Wittgenstein on thinking about thinking

Volume 10 Number 9 September 8 - October 13 2014

 

The Tractus Logico-Philosophicus, by Ludwig Wittgenstein, was the latest text explored in the 10 Great Books series. Professor Greg Restall discussed this text that has influenced Twentieth Century philosophers and linguists alike. By Laura Soderlind.

The Tractus Logico-Philosophicus is a 1919 work by Austrian philosopher Ludwig Wittgenstein.

This was one of his early works, written when Wittgenstein was only twenty, while he was in the trenches and a prisoner of war during the First World War, fighting for the Austro-Hungarian army.

“It was a work of early young genius,” says Professor Greg Restall. 
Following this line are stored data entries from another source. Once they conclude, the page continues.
(* Let $K\ge2$, $\varepsilon\in(0,1]$ and $T\ge 3K/32$. In prediction with limited advice with one additional observation per round, for every (possibly randomized) learning algorithm there exists an oblivious loss sequence with losses in $[0,1]$ and effective loss range at most $\varepsilon$ such that the expected regret satisfies $\mathcal{R}_T\ge 0.02\,\varepsilon\sqrt{KT}$; that is, $\inf\sup\mathcal R_T\ge 0.02\varepsilon\sqrt{KT}$, with the infimum over algorithms and the supremum over such oblivious loss sequences.
   Context: Setting: there are $K$ arms, $[K]=\{1,\dots,K\}$, and losses $\ell_t^a\in[0,1]$. In each round $t$ the learner picks a primary arm $A_t\in[K]$, suffers and observes $\ell_t^{A_t}$, and additionally picks a secondary arm $B_t$ and observes, but does not suffer, $\ell_t^{B_t}$; choices may depend on all past observations and internal randomization. An oblivious adversary fixes all losses before the game starts. The effective loss range is the smallest $\varepsilon$ such that $|\ell_t^a-\ell_t^{a'}|\le\varepsilon$ for all $t\le T$ and $a,a'\in[K]$. The expected regret is $\mathcal{R}_T=\mathbb{E}[\sum_{t=1}^T\ell_t^{A_t}]-\min_{a\in[K]}\mathbb{E}[\sum_{t=1}^T\ell_t^a]$. *)

theory Defs
  imports "HOL-Probability.Probability"
begin

text \<open>Arms are the naturals 1..K; rounds are indexed 0..T-1.
  A loss sequence is l :: nat => nat => real, with l t a the loss of arm a in round t.
  A history entry records (A_s, B_s, loss of A_s, loss of B_s).
  A (possibly randomized) algorithm is given, in round t and history h of the
  observations so far, a probability distribution over pairs (A_t, B_t)
  (primary arm, secondary arm).  Fresh internal randomness in each round
  conditioned on the full observed history (which includes the own past choices)
  is, for a finite horizon with perfect recall, as general as any randomized
  algorithm (Kuhn).\<close>

type_synonym hist = "(nat \<times> nat \<times> real \<times> real) list"
type_synonym algo = "nat \<Rightarrow> hist \<Rightarrow> (nat \<times> nat) pmf"

definition valid_algo :: "nat \<Rightarrow> algo \<Rightarrow> bool" where
  "valid_algo K alg \<longleftrightarrow> (\<forall>t h. set_pmf (alg t h) \<subseteq> {1..K} \<times> {1..K})"

fun hist_dist :: "algo \<Rightarrow> (nat \<Rightarrow> nat \<Rightarrow> real) \<Rightarrow> nat \<Rightarrow> hist pmf" where
  "hist_dist alg l 0 = return_pmf []"
| "hist_dist alg l (Suc t) =
     bind_pmf (hist_dist alg l t)
       (\<lambda>h. map_pmf (\<lambda>(a, b). h @ [(a, b, l t a, l t b)]) (alg t h))"

definition losses_01 :: "nat \<Rightarrow> nat \<Rightarrow> (nat \<Rightarrow> nat \<Rightarrow> real) \<Rightarrow> bool" where
  "losses_01 K T l \<longleftrightarrow> (\<forall>t<T. \<forall>a\<in>{1..K}. 0 \<le> l t a \<and> l t a \<le> 1)"

definition loss_range_le :: "nat \<Rightarrow> nat \<Rightarrow> (nat \<Rightarrow> nat \<Rightarrow> real) \<Rightarrow> real \<Rightarrow> bool" where
  "loss_range_le K T l eps \<longleftrightarrow>
     (\<forall>t<T. \<forall>a\<in>{1..K}. \<forall>a'\<in>{1..K}. \<bar>l t a - l t a'\<bar> \<le> eps)"

definition regret :: "nat \<Rightarrow> nat \<Rightarrow> algo \<Rightarrow> (nat \<Rightarrow> nat \<Rightarrow> real) \<Rightarrow> real" where
  "regret K T alg l =
     measure_pmf.expectation (hist_dist alg l T)
       (\<lambda>h. \<Sum>t<T. l t (fst (h ! t)))
     - (MIN a\<in>{1..K}. \<Sum>t<T. l t a)"

end

theory Submission
  imports Defs
begin

text \<open>Yao's principle over \<open>K + 1\<close> random environments. In environment \<open>j \<in> [K]\<close> every loss
  is an independent coin with values \<open>{0, \<epsilon>}\<close>, of mean \<open>\<epsilon>/2\<close> except for arm \<open>j\<close>, whose mean is
  \<open>\<epsilon>(1/2 - \<delta>)\<close>; in the reference environment \<open>0\<close> all arms have mean \<open>\<epsilon>/2\<close>. The expected regret in
  environment \<open>j\<close> is at least \<open>\<epsilon>\<delta>(T - E\<^sub>j N\<^sub>j)\<close>, where \<open>N\<^sub>j\<close> counts the plays of arm \<open>j\<close>.
  Only observations of arm \<open>j\<close> distinguish environment \<open>j\<close> from \<open>0\<close>, so by the chain rule the
  divergence between the two history distributions is \<open>kl \<cdot> E\<^sub>0 M\<^sub>j\<close>, with \<open>kl = O(\<delta>\<^sup>2)\<close> the
  divergence of one coin and \<open>M\<^sub>j\<close> the number of observations of arm \<open>j\<close>; since \<open>\<Sum>\<^sub>j M\<^sub>j \<le> 2T\<close>, a
  Pinsker-type bound gives \<open>\<Sum>\<^sub>j E\<^sub>j N\<^sub>j \<le> T + O(T \<Sum>\<^sub>j \<delta> \<surd>(E\<^sub>0 M\<^sub>j))\<close>. With \<open>\<delta> = \<surd>(K/T)/16\<close> the average
  regret over \<open>j\<close> is \<open>\<ge> 0.02 \<epsilon> \<surd>(KT)\<close>, so some loss sequence in the support attains it.\<close>

subsection \<open>Expectations over finite supports\<close>

text \<open>All distributions below have finite support, where this sum is the Bochner expectation
  \<open>measure_pmf.expectation\<close> (\<open>expect_eq_expectation\<close>) but comes without integrability side
  conditions.\<close>

definition expect :: "'a pmf \<Rightarrow> ('a \<Rightarrow> real) \<Rightarrow> real" where
  "expect P f = (\<Sum>x\<in>set_pmf P. pmf P x * f x)"

lemma expect_superset:
  assumes "finite A" "set_pmf P \<subseteq> A"
  shows "expect P f = (\<Sum>x\<in>A. pmf P x * f x)"
  unfolding expect_def using assms
  by (intro sum.mono_neutral_left) (auto simp: set_pmf_eq)

lemma expect_eq_expectation:
  assumes "finite (set_pmf P)"
  shows "measure_pmf.expectation P f = expect P f"
  unfolding expect_def using assms
  by (subst integral_measure_pmf_real[where A="set_pmf P"]) (auto simp: mult.commute)

lemma expect_cong: "(\<And>x. x \<in> set_pmf P \<Longrightarrow> f x = g x) \<Longrightarrow> expect P f = expect P g"
  unfolding expect_def by (intro sum.cong) auto

lemma expect_const: "finite (set_pmf P) \<Longrightarrow> expect P (\<lambda>_. c) = c"
  unfolding expect_def using sum_pmf_eq_1[of "set_pmf P" P]
  by (simp add: sum_distrib_right[symmetric])

lemma expect_add: "expect P (\<lambda>x. f x + g x) = expect P f + expect P g"
  unfolding expect_def by (simp add: distrib_left sum.distrib)

lemma expect_diff: "expect P (\<lambda>x. f x - g x) = expect P f - expect P g"
  unfolding expect_def by (simp add: right_diff_distrib sum_subtractf)

lemma expect_cmult: "expect P (\<lambda>x. c * f x) = c * expect P f"
  unfolding expect_def by (simp add: sum_distrib_left algebra_simps)

lemma expect_sum: "expect P (\<lambda>x. \<Sum>i\<in>I. f i x) = (\<Sum>i\<in>I. expect P (f i))"
  unfolding expect_def by (simp add: sum_distrib_left sum.swap[of _ I])

lemma expect_mono: "(\<And>x. x \<in> set_pmf P \<Longrightarrow> f x \<le> g x) \<Longrightarrow> expect P f \<le> expect P g"
  unfolding expect_def by (intro sum_mono mult_left_mono) auto

lemma expect_bounds:
  assumes "finite (set_pmf P)" "\<And>x. x \<in> set_pmf P \<Longrightarrow> a \<le> f x \<and> f x \<le> b"
  shows "a \<le> expect P f \<and> expect P f \<le> b"
  using expect_mono[of P "\<lambda>_. a" f] expect_mono[of P f "\<lambda>_. b"] assms
  by (simp add: expect_const)

lemma expect_nonneg: "(\<And>x. x \<in> set_pmf P \<Longrightarrow> 0 \<le> f x) \<Longrightarrow> 0 \<le> expect P f"
  unfolding expect_def by (intro sum_nonneg) auto

lemma expect_map:
  assumes "finite (set_pmf P)"
  shows "expect (map_pmf g P) f = expect P (\<lambda>x. f (g x))"
  using assms by (simp add: expect_eq_expectation[symmetric])

lemma pmf_bind_finite:
  assumes "finite (set_pmf P)"
  shows "pmf (bind_pmf P F) y = (\<Sum>x\<in>set_pmf P. pmf P x * pmf (F x) y)"
  using assms by (simp add: pmf_bind expect_eq_expectation expect_def)

lemma expect_bind:
  assumes "finite (set_pmf P)" "\<And>x. x \<in> set_pmf P \<Longrightarrow> finite (set_pmf (F x))"
  shows "expect (bind_pmf P F) g = expect P (\<lambda>x. expect (F x) g)"
proof -
  let ?S = "set_pmf (bind_pmf P F)"
  have fin: "finite ?S" using assms by auto
  have "expect (bind_pmf P F) g = (\<Sum>y\<in>?S. (\<Sum>x\<in>set_pmf P. pmf P x * pmf (F x) y) * g y)"
    unfolding expect_def using assms(1) by (simp add: pmf_bind_finite)
  also have "\<dots> = (\<Sum>x\<in>set_pmf P. pmf P x * (\<Sum>y\<in>?S. pmf (F x) y * g y))"
    by (simp add: sum_distrib_right sum_distrib_left mult.assoc) (rule sum.swap)
  also have "\<dots> = expect P (\<lambda>x. expect (F x) g)"
    unfolding expect_def[of P]
    by (intro sum.cong refl arg_cong2[where f="(*)"] expect_superset[OF fin, symmetric]) auto
  finally show ?thesis .
qed

lemma exists_ge_expect:
  assumes "finite (set_pmf P)" "expect P f \<ge> B"
  shows "\<exists>x\<in>set_pmf P. f x \<ge> B"
proof (rule ccontr)
  assume "\<not> ?thesis"
  then have "\<And>x. x \<in> set_pmf P \<Longrightarrow> pmf P x * f x < pmf P x * B"
    by (auto simp: set_pmf_eq' less_le)
  then have "expect P f < (\<Sum>x\<in>set_pmf P. pmf P x * B)"
    unfolding expect_def using assms(1) set_pmf_not_empty by (intro sum_strict_mono) auto
  also have "\<dots> = B" using expect_const[OF assms(1), of B] unfolding expect_def .
  finally show False using assms(2) by simp
qed

lemma exists_ge_average:
  fixes f :: "'a \<Rightarrow> real" and B :: real
  assumes "finite A" "A \<noteq> {}" "card A * B \<le> (\<Sum>x\<in>A. f x)"
  shows "\<exists>x\<in>A. B \<le> f x"
proof (rule ccontr)
  assume "\<not> ?thesis"
  then have "(\<Sum>x\<in>A. f x) < (\<Sum>x\<in>A. B)" using assms(1,2) by (intro sum_strict_mono) auto
  then show False using assms(3) by simp
qed

lemma sqrt_le_scaled_mean:
  assumes "0 < c" "0 \<le> x"
  shows "sqrt x \<le> (c * x + 1 / c) / 2"
  using arith_geo_mean_sqrt[of "c * x" "1 / c"] assms by simp

lemma Pi_pmf_pair:
  assumes "finite A" "a \<in> A" "b \<in> A"
  shows "map_pmf (\<lambda>v. (v a, v b)) (Pi_pmf A dflt p) =
         bind_pmf (p a) (\<lambda>x. map_pmf (\<lambda>y. (x, y)) (if a = b then return_pmf x else p b))"
proof (cases "a = b")
  case True
  have "map_pmf (\<lambda>v. (v a, v b)) (Pi_pmf A dflt p) = map_pmf (\<lambda>x. (x, x)) (map_pmf (\<lambda>v. v a) (Pi_pmf A dflt p))"
    using True by (simp add: pmf.map_comp o_def)
  also have "\<dots> = map_pmf (\<lambda>x. (x, x)) (p a)" using assms by (simp add: Pi_pmf_component)
  finally show ?thesis using True by (simp add: map_pmf_def bind_return_pmf)
next
  case False
  have "map_pmf (\<lambda>v. (v a, v b)) (Pi_pmf A dflt p) = map_pmf (\<lambda>v. (v a, v b)) (Pi_pmf {a, b} dflt p)"
    using assms by (subst Pi_pmf_subset[of A "{a, b}"]) (auto simp: pmf.map_comp o_def)
  also have "Pi_pmf {a, b} dflt p = map_pmf (\<lambda>(y, f). f(a := y)) (pair_pmf (p a) (Pi_pmf {b} dflt p))"
    using False by (subst Pi_pmf_insert[symmetric]) auto
  also have "Pi_pmf {b} dflt p = map_pmf (\<lambda>x z. if z = b then x else dflt) (p b)"
    by (rule Pi_pmf_singleton)
  finally show ?thesis using False
    by (simp add: pmf.map_comp o_def pair_pmf_def map_bind_pmf bind_map_pmf map_pmf_def
        bind_assoc_pmf bind_return_pmf)
qed

subsection \<open>Kullback--Leibler divergence\<close>

text \<open>Only applied to distributions with equal finite supports, where the junk value
  \<open>ln (p / 0) = 0\<close> never arises.\<close>

definition KL :: "'a pmf \<Rightarrow> 'a pmf \<Rightarrow> real" where
  "KL P Q = expect P (\<lambda>x. ln (pmf P x / pmf Q x))"

lemma KL_self [simp]: "KL P P = 0"
  unfolding KL_def expect_def by (intro sum.neutral) (auto simp: set_pmf_eq)

lemma KL_map_inj:
  assumes "inj f" "finite (set_pmf P)"
  shows "KL (map_pmf f P) (map_pmf f Q) = KL P Q"
  unfolding KL_def using assms by (simp add: expect_map pmf_map_inj')

lemma pmf_bind_tagged:
  assumes fin: "finite (set_pmf P)"
    and tag: "\<And>x y. x \<in> set_pmf P \<Longrightarrow> y \<in> set_pmf (F x) \<Longrightarrow> k y = x"
    and x0: "x0 \<in> set_pmf P" "k y = x0"
  shows "pmf (bind_pmf P F) y = pmf P x0 * pmf (F x0) y"
proof -
  have "pmf (bind_pmf P F) y = (\<Sum>x\<in>set_pmf P. pmf P x * pmf (F x) y)"
    by (rule pmf_bind_finite[OF fin])
  also have "\<dots> = pmf P x0 * pmf (F x0) y + (\<Sum>x\<in>set_pmf P - {x0}. pmf P x * pmf (F x) y)"
    by (rule sum.remove[OF fin x0(1)])
  also have "(\<Sum>x\<in>set_pmf P - {x0}. pmf P x * pmf (F x) y) = 0"
    using tag x0 by (intro sum.neutral) (auto simp: set_pmf_eq)
  finally show ?thesis by simp
qed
“In this little book, he thinks he has solved all the problems of philosophy. It’s an amazingly bizarre and provocative book.

“Wittgenstein was a loner and an outsider and a provocateur. That’s what makes him so useful to philosophers,” Professor Restall says.

In this book, Wittgenstein took into account the technical advances in the late 19th and early 20th centuries as well as the prevailing mathematical logic. 

“Wittgenstein thought it was really important to know how logic, information and knowledge works. But it was really important to know its limits,” Professor Restall says.

The language and structure used by Wittgenstein, somewhat austere and precise to the point of each sentence being numbered and categorized, reflects some of his sentiments about language and communication.

The final breath and sentence of Tractus Logico-Philosophicus is: “What we cannot speak about we must pass over in silence.”

Language is the means we have available to fashion and understand reality, yet it is profoundly limited and cannot express or illuminate all thoughts effectively. 

The book questions what ideas and thoughts can be put into words and what cannot.

“Here Wittgenstein is almost peering at something through a microscope looking at something further and further in its finer details,” Professor Restall explains.

“He looks at the conceptual structure of the different movements of thoughts and what’s involve,d and the assumptions we make, and how language hooks onto the world. 

“This book explores a new way of thinking about thinking.”